_Work instructions_
Below are records. Find each line in them that holds the word "dots" and copy it.

┌─ Given data

(* Let $q$ be a prime power. Every $2$-$(n,k,\lambda)_q$ design is additive under $\mathrm{EA}(q^n)$.
   Context: A $2$-$(n,k,\lambda)_q$ design (subspace design) is a $2$-$\left(\frac{q^n-1}{q-1},\frac{q^k-1}{q-1},\lambda\right)$ design whose points are the points of $\mathrm{PG}(n-1,q)$ and whose blocks are (point sets of) certain $(k-1)$-dimensional projective subspaces of $\mathrm{PG}(n-1,q)$, such that every pair of distinct points lies in exactly $\lambda$ blocks. $\mathrm{EA}(q^n)$ denotes the elementary abelian group of order $q^n$. A design $(V,\mathscr B)$ is additive under an abelian group $G$ if there is an injective map $f:V\to G$ such that $\sum_{x\in B}f(x)=0$ for every block $B\in\mathscr B$. *)

theory Defs
  imports "HOL-Analysis.Analysis"
begin

text \<open>Points of PG(n-1,q): the one-dimensional subspaces of F_q^n, where
  F_q is a finite field (type 'a) and n = CARD('n).\<close>
definition pg_points :: "('a::field ^ 'n) set set" where
  "pg_points = {vec.span {v} | v. v \<noteq> 0}"

definition points_of :: "('a::field ^ 'n) set \<Rightarrow> ('a ^ 'n) set set" where
  "points_of W = {P \<in> pg_points. P \<subseteq> W}"

text \<open>2-(n,k,lambda)_q design: blocks are point sets of (k-1)-dim projective subspaces,
  i.e. of k-dimensional vector subspaces, and every pair of distinct points lies
  in exactly lambda blocks (lambda a positive integer).\<close>
definition subspace_design_2 ::
  "nat \<Rightarrow> nat \<Rightarrow> ('a::field ^ 'n) set set set \<Rightarrow> bool" where
  "subspace_design_2 k lam B \<longleftrightarrow>
     lam \<ge> 1 \<and>
     (\<forall>b\<in>B. \<exists>W. vec.subspace W \<and> vec.dim W = k \<and> b = points_of W) \<and>
     (\<forall>P\<in>pg_points. \<forall>Q\<in>pg_points. P \<noteq> Q \<longrightarrow> card {b\<in>B. P \<in> b \<and> Q \<in> b} = lam)"

definition additive_under :: "'p set \<Rightarrow> 'p set set \<Rightarrow> ('p \<Rightarrow> 'g::ab_group_add) \<Rightarrow> bool" where
  "additive_under V B f \<longleftrightarrow> inj_on f V \<and> (\<forall>b\<in>B. (\<Sum>x\<in>b. f x) = 0)"

end

(*
  Identify F_q^n with the field F_(q^n), realised as the roots of x^(q^n) = x in the algebraic
  closure of F_q, by an F_q-linear bijection psi, and label the point <v> by
  psi^-1 (psi(v)^(q-1)). This does not depend on the representative v, since c^(q-1) = 1 for
  c in F_q^*, and distinct points get distinct labels, since psi(w)^(q-1) = psi(v)^(q-1) forces
  psi(w)/psi(v) into F_q^*. Summing x^(q-1) over the vectors of a subspace W gives minus the sum
  of the labels of its points. If dim W >= 2, W is a union of cosets of a plane span{b1, b2},
  and over such a coset the sum vanishes: the sum of (a + t b)^(q-1) over t in F_q is
  -b^(q-1) whatever a is, so summing once more over F_q gives q * (-b^(q-1)) = 0.
  When n = 1 there is a single point and the zero map does the job.
*)

theory Submission
  imports Defs "HOL-Algebra.Algebraic_Closure_Type" "HOL-Number_Theory.Residues"
begin

(* Frees the notation v $ i for the components of vectors. *)
unbundle no Formal_Power_Series.fps_syntax

section \<open>Finite fields\<close>

lemma card_finite_field_ge_2: "2 \<le> CARD('a::{finite,field})"
proof -
  have "card {0::'a, 1} \<le> CARD('a)" by (rule card_mono) auto
  thus ?thesis by simp
qed

lemma of_nat_card_finite_field [simp]: "of_nat CARD('a) = (0::'a::{finite,field})"
  using CHAR_dvd_CARD[where 'a='a] of_nat_eq_0_iff_char_dvd by blast

lemma power_card_minus_1_eq_1:
  fixes x :: "'a::{finite,field}"
  assumes "x \<noteq> 0"
  shows "x ^ (CARD('a) - 1) = 1"
proof -
  define R where "R = (ring_of_type_algebra :: 'a ring)"
  interpret R: field R unfolding R_def by rule
  interpret G: group "Multiplicative_Group.mult_of R" by (rule R.field_mult_group)
  have pow: "x [^]\<^bsub>Multiplicative_Group.mult_of R\<^esub> n = x ^ n" for n :: nat
    unfolding Multiplicative_Group.nat_pow_mult_of
    by (induction n) (simp_all add: R_def ring_of_type_algebra_def mult.commute)
  have order: "order (Multiplicative_Group.mult_of R) = CARD('a) - 1"
    by (simp add: R.order_mult_of order_def R_def ring_of_type_algebra_def)
  have "x ^ (CARD('a) - 1)
      = x [^]\<^bsub>Multiplicative_Group.mult_of R\<^esub> order (Multiplicative_Group.mult_of R)"
    by (simp only: pow order)
  also have "\<dots> = \<one>\<^bsub>Multiplicative_Group.mult_of R\<^esub>"
    by (rule G.pow_order_eq_1) (simp_all add: assms order_def R_def ring_of_type_algebra_def)
  also have "\<dots> = 1" by (simp add: R_def ring_of_type_algebra_def)
  finally show ?thesis .
qed

lemma power_card_eq_self: "x ^ CARD('a) = (x::'a::{finite,field})"
proof -
  have "x ^ CARD('a) = x * x ^ (CARD('a) - 1)"
    using card_finite_field_ge_2[where 'a='a] by (simp flip: power_Suc)
  thus ?thesis using power_card_minus_1_eq_1[of x] by (cases "x = 0") simp_all
qed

└─

_Solution_
  also have "\<dots> = \<one>\<^bsub>Multiplicative_Group.mult_of R\<^esub>"
  also have "\<dots> = 1" by (simp add: R_def ring_of_type_algebra_def)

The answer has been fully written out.